Игорь Кондаков в тексте «Музыкальное путешествие в ХХ веке: из России и обратно» рассматривает произведения двух великих русских композиторов, Сергея Прокофьева и Дмитрия Шостаковича, через призму путешествий. Последний, правда, путешествовал, в основном, в воображении. А настоящая трагедия Прокофьева заключалась в том, что тот после эмиграции решил вернуться в СССР, социальных и бюрократических механизмов которого до конца не осознавал, и никак не мог понять, почему его произведения не ставят на сцене, хотя контракт уже подписан, а деньги заплачены. Прокофьев, согласно Кондакову, пытался все время примирить разные полюса русской культуры: «Своей шекспировски великой музыкой он звал к национальному примирению российских Монтекки и Капулетти — вчерашних „красных” и „белых”, советских людей и эмигрантов, представителей „нового” и „старого” мира, Советского Союза и Запада, реалистов и модернистов. Это ему не удалось, но в конечном счете, как говорят в наше время, „попытка засчитана”».

Занятная статья Ольги Казниной рассказывает о путешествии Льюиса Кэрролла в Россию, послужившем, по мнению исследовательницы, побудительным мотивом для написания им «Алисы в Зазеркалье». Метафора России как Зазеркалья Запада, на мой взгляд, очень продуктивна. Но хочется добавить еще одну деталь. Когда Льюис Кэрролл посетил Петербург, он услышал церковное пение в Исаакиевском соборе и «отметил, что такого баса, как у дьякона, ему до сих пор не приходилось слышать». Выскажу предположение, что Кэрроллу удалось услышать знаменитого деда московской певицы, поэта и шамана Веры Сажиной. И таким образом от нас до Кэрролла оказывается всего несколько рукопожатий.

 

Сильвия Зассе. Яд в ухо. Исповедь и признание в русской литературе. Перевод с немецкого Б. Скуратова, И. Чубарова. М., РГГУ, 2012, 400 стр. («Россика / Русистика / Россиеведение»).

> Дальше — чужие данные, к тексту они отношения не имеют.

(* Let $H$ be a complex Hilbert space, $\varphi,\psi:[0,1]\to\mathbb{R}$ continuous, $A\in\mathbb{B}(H)$ and $t\in[0,1]$. Then $$\omega_t^2(\varphi,\psi;A)\le\frac12\big(|\varphi(t)|^2+|\psi(t)|^2\big)\|A^*A+AA^*\|+|\varphi(t)\psi(t)|\,\omega\big(A^2+(A^* )^2\big).$$
   Context: $S_1(H)$ is the unit sphere of $H$, $\omega(T)=\sup_{x\in S_1(H)}|\langle Tx,x\rangle|$, and $\omega_t(\varphi,\psi;A)=\sup_{x\in S_1(H)}|\langle(\varphi(t)A+\psi(t)A^* )x,x\rangle|$. *)

theory Defs
  imports "HOL-Analysis.Analysis"
begin

class complex_hilbert = real_normed_vector + complete_space +
  fixes scaleC :: "complex \<Rightarrow> 'a \<Rightarrow> 'a"  (infixr \<open>*\<^sub>C\<close> 75)
    and cinner :: "'a \<Rightarrow> 'a \<Rightarrow> complex"
  assumes scaleC_add_right: "a *\<^sub>C (x + y) = a *\<^sub>C x + a *\<^sub>C y"
    and scaleC_add_left: "(a + b) *\<^sub>C x = a *\<^sub>C x + b *\<^sub>C x"
    and scaleC_scaleC: "a *\<^sub>C (b *\<^sub>C x) = (a * b) *\<^sub>C x"
    and scaleC_one: "1 *\<^sub>C x = x"
    and scaleC_of_real: "complex_of_real r *\<^sub>C x = r *\<^sub>R x"
    and cinner_add_left: "cinner (x + y) z = cinner x z + cinner y z"
    and cinner_scaleC_left: "cinner (a *\<^sub>C x) y = a * cinner x y"
    and cinner_commute: "cinner y x = cnj (cinner x y)"
    and cinner_self_norm: "cinner x x = complex_of_real ((norm x)\<^sup>2)"

definition bounded_op :: "('a::complex_hilbert \<Rightarrow> 'a) \<Rightarrow> bool" where
  "bounded_op A \<longleftrightarrow> (\<forall>x y. A (x + y) = A x + A y) \<and> (\<forall>c x. A (c *\<^sub>C x) = c *\<^sub>C A x)
     \<and> (\<exists>K. \<forall>x. norm (A x) \<le> norm x * K)"

definition adj :: "('a::complex_hilbert \<Rightarrow> 'a) \<Rightarrow> 'a \<Rightarrow> 'a" where
  "adj A = (THE B. \<forall>x y. cinner (A x) y = cinner x (B y))"

definition numrad :: "('a::complex_hilbert \<Rightarrow> 'a) \<Rightarrow> real" where
  "numrad T = (SUP x\<in>{x. norm x = 1}. cmod (cinner (T x) x))"

definition omega_t :: "(real \<Rightarrow> real) \<Rightarrow> (real \<Rightarrow> real) \<Rightarrow> ('a::complex_hilbert \<Rightarrow> 'a) \<Rightarrow> real \<Rightarrow> real" where
  "omega_t \<phi> \<psi> A t = (SUP x\<in>{x. norm x = 1}.
      cmod (cinner (complex_of_real (\<phi> t) *\<^sub>C A x + complex_of_real (\<psi> t) *\<^sub>C adj A x) x))"

end

theory Submission
  imports Defs
begin

text \<open>For \<open>T = \<phi>(t) A + \<psi>(t) A\<^sup>*\<close> and a unit vector \<open>x\<close>, the number \<open>|\<langle>Tx, x\<rangle>|\<close> is
  bounded both by \<open>\<parallel>Tx\<parallel>\<close> and, since \<open>\<langle>Tx, x\<rangle> = \<langle>x, T\<^sup>*x\<rangle>\<close>, by \<open>\<parallel>T\<^sup>*x\<parallel>\<close>. Hence
  \<open>2 |\<langle>Tx, x\<rangle>|\<^sup>2 \<le> \<parallel>Tx\<parallel>\<^sup>2 + \<parallel>T\<^sup>*x\<parallel>\<^sup>2 = \<langle>(T\<^sup>*T + TT\<^sup>*)x, x\<rangle>\<close>, and expanding
  \<open>T\<^sup>*T + TT\<^sup>* = (\<phi>\<^sup>2 + \<psi>\<^sup>2)(A\<^sup>*A + AA\<^sup>*) + 2\<phi>\<psi>(A\<^sup>2 + (A\<^sup>*)\<^sup>2)\<close> bounds the first part by the
  operator norm and the second by the numerical radius.

  Since the adjoint is defined by a description, its existence has to be established first:
  by the Riesz representation theorem, obtained from the vector of minimal norm on the
  closed convex hyperplane \<open>{f = 1}\<close>, which is orthogonal to the kernel of \<open>f\<close>.\<close>

lemma cinner_zero_left [simp]: "cinner (0::'a::complex_hilbert) y = 0"
  using cinner_add_left[of "0::'a" 0 y] by simp

lemma cinner_zero_right [simp]: "cinner (x::'a::complex_hilbert) 0 = 0"
  by (subst cinner_commute) simp

lemma cinner_add_right: "cinner (x::'a::complex_hilbert) (y + z) = cinner x y + cinner x z"
  by (subst (1 2 3) cinner_commute) (simp add: cinner_add_left)

lemma cinner_minus_left [simp]: "cinner (- x::'a::complex_hilbert) y = - cinner x y"
  using cinner_add_left[of x "-x" y] by (simp add: add_eq_0_iff)

lemma cinner_minus_right [simp]: "cinner (x::'a::complex_hilbert) (- y) = - cinner x y"
  by (subst (1 2) cinner_commute) simp

lemma cinner_diff_left: "cinner (x - y::'a::complex_hilbert) z = cinner x z - cinner y z"
  using cinner_add_left[of x "-y" z] by simp

lemma cinner_diff_right: "cinner (x::'a::complex_hilbert) (y - z) = cinner x y - cinner x z"
  using cinner_add_right[of x y "-z"] by simp

lemma cinner_scaleC_right: "cinner (x::'a::complex_hilbert) (a *\<^sub>C y) = cnj a * cinner x y"
  by (subst (1 2) cinner_commute) (simp add: cinner_scaleC_left)

lemma scaleR_eq_scaleC: "r *\<^sub>R (x::'a::complex_hilbert) = complex_of_real r *\<^sub>C x"
  by (simp add: scaleC_of_real)

lemma cinner_scaleR_left: "cinner (r *\<^sub>R x::'a::complex_hilbert) y = of_real r * cinner x y"
  by (simp add: scaleR_eq_scaleC cinner_scaleC_left)

lemma cinner_scaleR_right: "cinner (x::'a::complex_hilbert) (r *\<^sub>R y) = of_real r * cinner x y"
  by (simp add: scaleR_eq_scaleC cinner_scaleC_right)

lemma norm_sq_eq_Re_cinner: "(norm (x::'a::complex_hilbert))\<^sup>2 = Re (cinner x x)"
  by (simp add: cinner_self_norm)

lemma Re_cinner_commute: "Re (cinner (x::'a::complex_hilbert) y) = Re (cinner y x)"
  by (subst cinner_commute) simp

lemma cinner_ext:
  assumes "\<And>z. cinner z u = cinner z (v::'a::complex_hilbert)"
  shows "u = v"
proof -
  have "Re (cinner (u - v) (u - v)) = 0"
    by (simp add: cinner_diff_right assms)
  then show ?thesis by (simp flip: norm_sq_eq_Re_cinner)
qed

lemma norm_add_scaleR_sq:
  "(norm (a *\<^sub>R u + b *\<^sub>R v))\<^sup>2
     = a\<^sup>2 * (norm (u::'a::complex_hilbert))\<^sup>2 + b\<^sup>2 * (norm v)\<^sup>2 + 2 * a * b * Re (cinner u v)"
proof -
  have "(norm (a *\<^sub>R u + b *\<^sub>R v))\<^sup>2 = a * a * Re (cinner u u) + a * b * Re (cinner u v)
      + b * a * Re (cinner v u) + b * b * Re (cinner v v)"
    by (simp add: norm_sq_eq_Re_cinner cinner_add_left cinner_add_right cinner_scaleR_left
        cinner_scaleR_right algebra_simps)
  then show ?thesis
    by (simp add: cinner_self_norm Re_cinner_commute[of v u] power2_eq_square algebra_simps)
qed

lemma parallelogram_law:
  "(norm (x + y))\<^sup>2 + (norm (x - y))\<^sup>2 = 2 * (norm (x::'a::complex_hilbert))\<^sup>2 + 2 * (norm y)\<^sup>2"
  by (simp add: norm_sq_eq_Re_cinner cinner_diff_left cinner_diff_right cinner_add_left cinner_add_right)

lemma cauchy_schwarz: "cmod (cinner (x::'a::complex_hilbert) y) \<le> norm x * norm y"
proof (cases "y = 0")
  case True
  then show ?thesis by simp
next
  case False
  define n where "n = (norm y)\<^sup>2"
  define b where "b = cinner x y"
  have "n > 0" using False by (simp add: n_def)
  define v where "v = x - (b / n) *\<^sub>C y"
  have "cinner y x = cnj b" "cinner y y = of_real n"
    by (simp_all add: b_def n_def cinner_self_norm flip: cinner_commute)
  then have "cinner v v = cinner x x - b * cnj b / n"
    using \<open>n > 0\<close>
    by (simp add: v_def cinner_diff_left cinner_diff_right cinner_scaleC_left cinner_scaleC_right
        mult.commute flip: b_def)
  moreover have "b * cnj b = of_real ((cmod b)\<^sup>2)"
    by (metis complex_norm_square of_real_power)
  ultimately have "Re (cinner v v) = Re (cinner x x) - (cmod b)\<^sup>2 / n"
    by (simp del: of_real_power)
  then have "(norm v)\<^sup>2 = (norm x)\<^sup>2 - (cmod b)\<^sup>2 / n"
    by (simp only: norm_sq_eq_Re_cinner)
  then have "0 \<le> (norm x)\<^sup>2 - (cmod b)\<^sup>2 / n"
    by (metis zero_le_power2)
  then have "(cmod b)\<^sup>2 \<le> (norm x * norm y)\<^sup>2"
    using \<open>n > 0\<close> by (simp add: n_def field_simps power_mult_distrib)
  then show ?thesis
    unfolding b_def by (rule power2_le_imp_le) simp
qed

Перед нами первая книга в РГГУшной серии «Россика. Русистика. Россиеведение», призванной донести до современного русскоязычного читателя важнейшие достижения мировой славистики. А возможно, и последняя в свете сообщения о признании РГГУ неэффективным вузом. Не исключено, что перед нами — артефакт уходящей культуры, последний осколок издательской программы РГГУ, свежая, только что законченная фреска из Помпеи прямо перед самым извержением вулкана.

Эта книга посвящена анализу двух типов исповеди: светской, во время допроса, и церковной, во время отпущения грехов. Название в русском переводе взято из эссе Павла Пепперштейна «Окошечко для исповеди» и означает тот «повествовательный коитус», который происходит в процессе исповеди. В ухо священника, настаивает Пепперштейн, вливается яд греха, наподобие яда, убившего отца Гамлета. Это отрава культуры, прерывающая довербальное состояние первобытного Рая.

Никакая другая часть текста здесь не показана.